在这里,赵树理给读者留下了很大的思维空间——这是不是那种心肠恶毒,十恶不赦的女人?为什么对婆婆应该打骂媳妇这样的观点认可呢?孟祥英的婆婆也是身体力行,想方设法来对孟祥英进行刁难,竟然还唆使自己的儿子来打孟祥英,把孟祥英逼得死去活来。
孟祥英是一位干部的时候就“打不得”、“骂不得”时,竟然想着密谋把孟祥英给卖了。
现在我们用一种历史的美学观点来对孟祥英的婆婆进行形象分析的话,如果就会发现她只是和她上辈的人一样,无意识继承了从老一辈那里传下来的老传统和老规矩——传统道德规范和民族文化心理。
作为一名儿媳妇,最重要的使命就是完成传宗接代的任务,也必须忍受来自婆婆的百般刁难和虐待,多年的忍耐一旦在地位上发生改变时,婆婆就会打骂自己的儿媳妇,不这样的话就会感觉没有做婆婆的派头,深究其中的原因是因为长期身处在封建社会道德规范的约束下,处于社会的最底层,一直被排斥于社会生活的边缘,家庭成为了她唯一的天地。

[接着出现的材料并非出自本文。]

(* Let $\varphi:[0,1]\to[0,\infty)$ be a decreasing function with $\varphi(t)>0$ for $0\le t<1$ and $\lim_{r\to1^-}\varphi(r)=0$. Then there exists a radial weight $\omega=\omega_\varphi$ such that $\widetilde{\omega}\notin\widehat{\mathcal{D}}$ but $A^p\subset A^p_\omega\subset A^p_\varphi$ for all $0<p<\infty$. Moreover, if $\varphi$ is differentiable and satisfies $-\varphi'(t)/\varphi(t)\le C/(1-t)$ for some constant $C>0$ and all $0\le t<1$, then $\varphi$ is a regular weight.
   Context: $\mathbb{D}$ is the unit disc, $\mathcal{H}(\mathbb{D})$ the analytic functions on $\mathbb{D}$, $dA=\frac{dx\,dy}{\pi}$. A radial weight is a non-negative $\omega\in L^1([0,1))$, extended by $\omega(z)=\omega(|z|)$, with $\widehat{\omega}(r)=\int_r^1\omega(s)\,ds>0$ for all $0\le r<1$. For $0<p<\infty$, $A^p_\omega$ is the space of $f\in\mathcal{H}(\mathbb{D})$ with $\int_{\mathbb{D}}|f|^p\omega\,dA<\infty$; $A^p$ denotes $A^p_\omega$ with $\omega\equiv1$. $\widetilde{\omega}(r)=\frac{\widehat{\omega}(r)}{1-r}$. A radial weight $\nu$ belongs to $\widehat{\mathcal{D}}$ if $\nu$ is integrable on $[0,1)$ and there is $C\ge1$ with $\widehat{\nu}(r)\le C\,\widehat{\nu}\big(\frac{1+r}{2}\big)$ for all $0\le r<1$ (so $\widetilde\omega\notin\widehat{\mathcal D}$ means either $\widetilde\omega$ is not integrable or this doubling condition fails). A radial weight $\omega$ is regular if $\omega(r)\asymp\frac{\widehat{\omega}(r)}{1-r}$ for all $0\le r<1$. *)

theory Defs
  imports "HOL-Analysis.Analysis"
begin

text \<open>Radial weights are functions on [0,1) (real variable r), extended to the disc
by omega(z) = omega(|z|). Integrals on [0,1) are Henstock-Kurzweil integrals of
non-negative functions, hence coincide with Lebesgue integrals.\<close>

definition omega_hat :: "(real \<Rightarrow> real) \<Rightarrow> real \<Rightarrow> real" where
  "omega_hat \<omega> r = integral {r..<1} \<omega>"

definition omega_tilde :: "(real \<Rightarrow> real) \<Rightarrow> real \<Rightarrow> real" where
  "omega_tilde \<omega> r = omega_hat \<omega> r / (1 - r)"

definition radial_weight :: "(real \<Rightarrow> real) \<Rightarrow> bool" where
  "radial_weight \<omega> \<longleftrightarrow>
     (\<forall>r\<in>{0..<1}. 0 \<le> \<omega> r) \<and> \<omega> integrable_on {0..<1} \<and>
     (\<forall>r\<in>{0..<1}. omega_hat \<omega> r > 0)"

definition D_hat :: "(real \<Rightarrow> real) \<Rightarrow> bool" where
  "D_hat \<nu> \<longleftrightarrow> radial_weight \<nu> \<and>
     (\<exists>C\<ge>1. \<forall>r\<in>{0..<1}. omega_hat \<nu> r \<le> C * omega_hat \<nu> ((1 + r) / 2))"

definition regular_weight :: "(real \<Rightarrow> real) \<Rightarrow> bool" where
  "regular_weight \<omega> \<longleftrightarrow> radial_weight \<omega> \<and>
     (\<exists>C>0. \<forall>r\<in>{0..<1}. omega_tilde \<omega> r \<le> C * \<omega> r \<and> \<omega> r \<le> C * omega_tilde \<omega> r)"

definition bergman :: "real \<Rightarrow> (real \<Rightarrow> real) \<Rightarrow> (complex \<Rightarrow> complex) set" where
  "bergman p \<omega> = {f. f holomorphic_on ball 0 1 \<and>
     (\<integral>\<^sup>+ z \<in> ball 0 1. ennreal (norm (f z) powr p * \<omega> (norm z) / pi) \<partial>lborel) < \<infinity>}"

end

theory Submission
  imports Defs
begin

text \<open>
We take omega = phi + 1_A, where A is the union of the intervals [1 - d_k, 1 - d_k/2) with
d_k = 2^(-k^2). Since phi <= omega <= phi(0) + 1, the Bergman inclusions are immediate.
The tail integral of omega from s is at least d_k/4 for s in [1 - d_k, 1 - 3d_k/4], so the tail
integral of omega_tilde from 1 - d_k is at least d_k/16. From the midpoint 1 - d_k/2 on, A is
empty until 1 - d_(k+1), and d_(k+1)/d_k tends to 0 so fast that the tail integral of omega_tilde
from there is only d_k (phi(1 - d_k/2)/2 + 2^(-k)) = o(d_k); hence omega_tilde is not doubling.

For the second part, the bound on -phi'/phi makes phi(t)/(1 - t)^C increasing, so phi stays above
2^(-C) phi(r) on [r, (1 + r)/2]; this gives phi <= 2^(C+1) phi_tilde, while phi_tilde <= phi
because phi decreases.
\<close>

lemma integral_Ico_eq_Icc: "integral {a..<b} (f::real \<Rightarrow> real) = integral {a..b} f"
  by (rule integral_spike_set; rule negligible_subset[OF negligible_sing[of b]]; auto)

lemma integrable_on_Ico_iff_Icc: "(f::real \<Rightarrow> real) integrable_on {a..<b} \<longleftrightarrow> f integrable_on {a..b}"
  by (rule integrable_spike_set_eq; rule negligible_subset[OF negligible_sing[of b]]; auto)

lemma omega_tilde_eq: "omega_tilde \<omega> r = integral {r..1} \<omega> / (1 - r)"
  by (simp add: omega_tilde_def omega_hat_def integral_Ico_eq_Icc)

lemma integral_indicator_Ico_subinterval:
  assumes "s \<le> c" "c \<le> d" "d \<le> t"
  shows "integral {s..t} (indicat_real {c..<d}) = d - c"
    and "indicat_real {c..<d} integrable_on {s..t}"
proof -
  have "{c..<d} \<inter> {s..t} = {c..<d}" "{c..<d} \<in> lmeasurable"
    using assms by (auto intro: bounded_set_imp_lmeasurable)
  then show "integral {s..t} (indicat_real {c..<d}) = d - c"
    and "indicat_real {c..<d} integrable_on {s..t}"
    using assms by (simp_all add: integral_indicator integrable_on_indicator)
qed

lemma integral_le_const_real:
  fixes f :: "real \<Rightarrow> real"
  assumes "f integrable_on {a..b}" "a \<le> b" "\<And>x. x \<in> {a..b} \<Longrightarrow> f x \<le> c"
  shows "integral {a..b} f \<le> c * (b - a)"
  using integral_le[OF assms(1) integrable_const_ivl[of c a b]] assms by (simp add: mult.commute)

lemma integral_ge_on_subinterval:
  fixes f :: "real \<Rightarrow> real"
  assumes f: "f integrable_on {s..t}" "\<And>x. x \<in> {s..t} \<Longrightarrow> 0 \<le> f x"
    and c: "\<And>x. x \<in> {a..<b} \<Longrightarrow> c \<le> f x"
    and sub: "s \<le> a" "a \<le> b" "b \<le> t"
  shows "c * (b - a) \<le> integral {s..t} f"
proof -
  have "integral {s..t} (\<lambda>x. c * indicat_real {a..<b} x) \<le> integral {s..t} f"
  proof (rule integral_le)
    show "(\<lambda>x. c * indicat_real {a..<b} x) integrable_on {s..t}"
      using integrable_cmul[OF integral_indicator_Ico_subinterval(2)[OF sub], of c] by simp
  qed (use f c sub in \<open>auto simp: indicator_def\<close>)
  then show ?thesis
    using integral_indicator_Ico_subinterval(1)[OF sub] by simp
qed

lemma decreasing_integrable_on:
  fixes \<phi> :: "real \<Rightarrow> real"
  assumes "\<And>s t. s \<in> {a..b} \<Longrightarrow> t \<in> {a..b} \<Longrightarrow> s \<le> t \<Longrightarrow> \<phi> t \<le> \<phi> s"
  shows "\<phi> integrable_on {a..b}"
proof -
  have "mono_on {a..b} (\<lambda>t. - \<phi> t)"
    using assms by (auto simp: mono_on_def)
  then have "(\<lambda>t. - \<phi> t) integrable_on {a..b}"
    by (rule integrable_on_mono_on)
  then show ?thesis
    using integrable_neg by fastforce
qed

section \<open>The bump set\<close>

definition gap_scale :: "nat \<Rightarrow> real" where
  "gap_scale k = (1/2) ^ (k * k)"

definition bump_set :: "real set" where
  "bump_set = (\<Union>k. {1 - gap_scale k ..< 1 - gap_scale k / 2})"

definition bumped_weight :: "(real \<Rightarrow> real) \<Rightarrow> real \<Rightarrow> real" where
  "bumped_weight \<phi> t = \<phi> t + indicator bump_set t"

lemma gap_scale_pos: "0 < gap_scale k"
  by (simp add: gap_scale_def)

lemma gap_scale_le_one: "gap_scale k \<le> 1"
  by (simp add: gap_scale_def power_le_one)

lemma gap_scale_antimono: "j \<le> k \<Longrightarrow> gap_scale k \<le> gap_scale j"
  unfolding gap_scale_def by (rule power_decreasing) (auto intro: mult_le_mono)

lemma gap_scale_Suc: "gap_scale (Suc k) = gap_scale k / (2 * 4 ^ k)"
proof -
  have "Suc k * Suc k = k * k + (2 * k + 1)"
    by simp
  then have "gap_scale (Suc k) = gap_scale k * ((1/2) ^ (2 * k) / 2)"
    unfolding gap_scale_def by (simp only: power_add) simp
  also have "(1/2 :: real) ^ (2 * k) = 1 / 4 ^ k"
    by (simp add: power_mult power_one_over)
  finally show ?thesis
    by simp
qed

lemma gap_scale_tendsto_zero: "gap_scale \<longlonglongrightarrow> 0"
proof (rule Lim_null_comparison[OF _ LIMSEQ_power_zero[of "1/2 :: real"]])
  show "\<forall>\<^sub>F k in sequentially. norm (gap_scale k) \<le> (1/2) ^ k"
    unfolding gap_scale_def by (intro always_eventually allI) (simp add: power_decreasing le_square)
qed simp

lemma bump_set_sets_lebesgue: "bump_set \<in> sets lebesgue"
  unfolding bump_set_def by (intro sets.countable_UN) auto

lemma indicator_bump_set_integrable: "indicat_real bump_set integrable_on {a..b}"
  using bump_set_sets_lebesgue
  by (subst integrable_on_indicator) (intro bounded_set_imp_lmeasurable sets.Int, auto intro: bounded_Int)

lemma mem_bump_setI: "1 - gap_scale k \<le> t \<Longrightarrow> t < 1 - gap_scale k / 2 \<Longrightarrow> t \<in> bump_set"
  unfolding bump_set_def by auto

lemma bump_set_subset: "bump_set \<subseteq> {0..<1}"
proof
  fix t assume "t \<in> bump_set"
  then obtain k where "1 - gap_scale k \<le> t" "t < 1 - gap_scale k / 2"
    unfolding bump_set_def by auto
  then show "t \<in> {0..<1}"
    using gap_scale_pos[of k] gap_scale_le_one[of k] by auto
qed

lemma bump_set_gap:
  assumes "t \<in> bump_set" "1 - gap_scale k / 2 \<le> t"
  shows "1 - gap_scale (Suc k) \<le> t"
proof -
  obtain j where j: "1 - gap_scale j \<le> t" "t < 1 - gap_scale j / 2"
    using assms(1) unfolding bump_set_def by auto
  show ?thesis
  proof (cases "j \<le> k")
    case True
    then show ?thesis
      using gap_scale_antimono[OF True] j assms(2) by auto
  next
    case False
    then show ?thesis
      using gap_scale_antimono[of "Suc k" j] j by auto
  qed
qed

lemma integral_indicator_bump_set_le:
  assumes gap: "\<forall>t\<in>bump_set. m \<le> t \<longrightarrow> 1 - \<delta> \<le> t" "0 \<le> \<delta>" and s: "m \<le> s" "s \<le> 1"
  shows "integral {s..1} (indicat_real bump_set) \<le> min \<delta> (1 - s)"
proof -
  have le_length: "integral {s..1} (indicat_real bump_set) \<le> 1 - s"
    using integral_le_const_real[OF indicator_bump_set_integrable, of s 1 1] s
    by (simp add: indicator_def)
  have "integral {s..1} (indicat_real bump_set) \<le> \<delta>"
  proof (cases "s \<le> 1 - \<delta>")
    case True
    have "integral {s..1} (indicat_real bump_set) \<le> integral {s..1} (indicat_real {1 - \<delta>..<1})"
    proof (rule integral_le[OF indicator_bump_set_integrable])
      show "indicat_real {1 - \<delta>..<1} integrable_on {s..1}"
        using True s gap(2) by (intro integral_indicator_Ico_subinterval(2)) auto
      show "indicat_real bump_set t \<le> indicat_real {1 - \<delta>..<1} t" if "t \<in> {s..1}" for t
        using that gap s bump_set_subset by (auto simp: indicator_def)
    qed
    also have "\<dots> = \<delta>"
      using True s gap(2) by (subst integral_indicator_Ico_subinterval(1)) auto
    finally show ?thesis .
  next
    case False
    then show ?thesis
      using le_length by linarith
  qed
  with le_length show ?thesis
    by simp
qed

在这个唯一的天地中,她一生都要做好两个角色——媳妇和婆婆。
在她的思维意识中根本就没有认识到封建专制制度和封建文化对于女性的束缚和迫害,反而全盘接受了,并且原封不动地传给了后代,所以她不仅成为了一个封建制度的牺牲品,而且对此深信不疑,成为了一个坚定的守护者。
这也正像鲁迅先生在《坟·娜拉走后怎样·鲁迅全集》写的那样:“被虐待的儿媳做了婆婆仍然虐待儿媳;嫌恶学生的官吏每是先前痛骂官吏的学生;现在压迫子女的,有时也就是多年前的家庭革命者。
”孟祥英的婆婆就和鲁迅先生笔下的祥林嫂一样,愚昧无知,固执落后。
这样的人物形象在赵树理的小说中不止一位,还有几个类似的婆婆:《登记》中使小飞蛾招致痛打的张木匠的妈,《锻炼锻炼》中坚持让儿媳妇照老规矩侍候自己的“小腿疼”,《三里湾》中虐待儿媳菊英的常有理,《传家宝》中对媳妇金桂横竖看不顺眼的李成娘等。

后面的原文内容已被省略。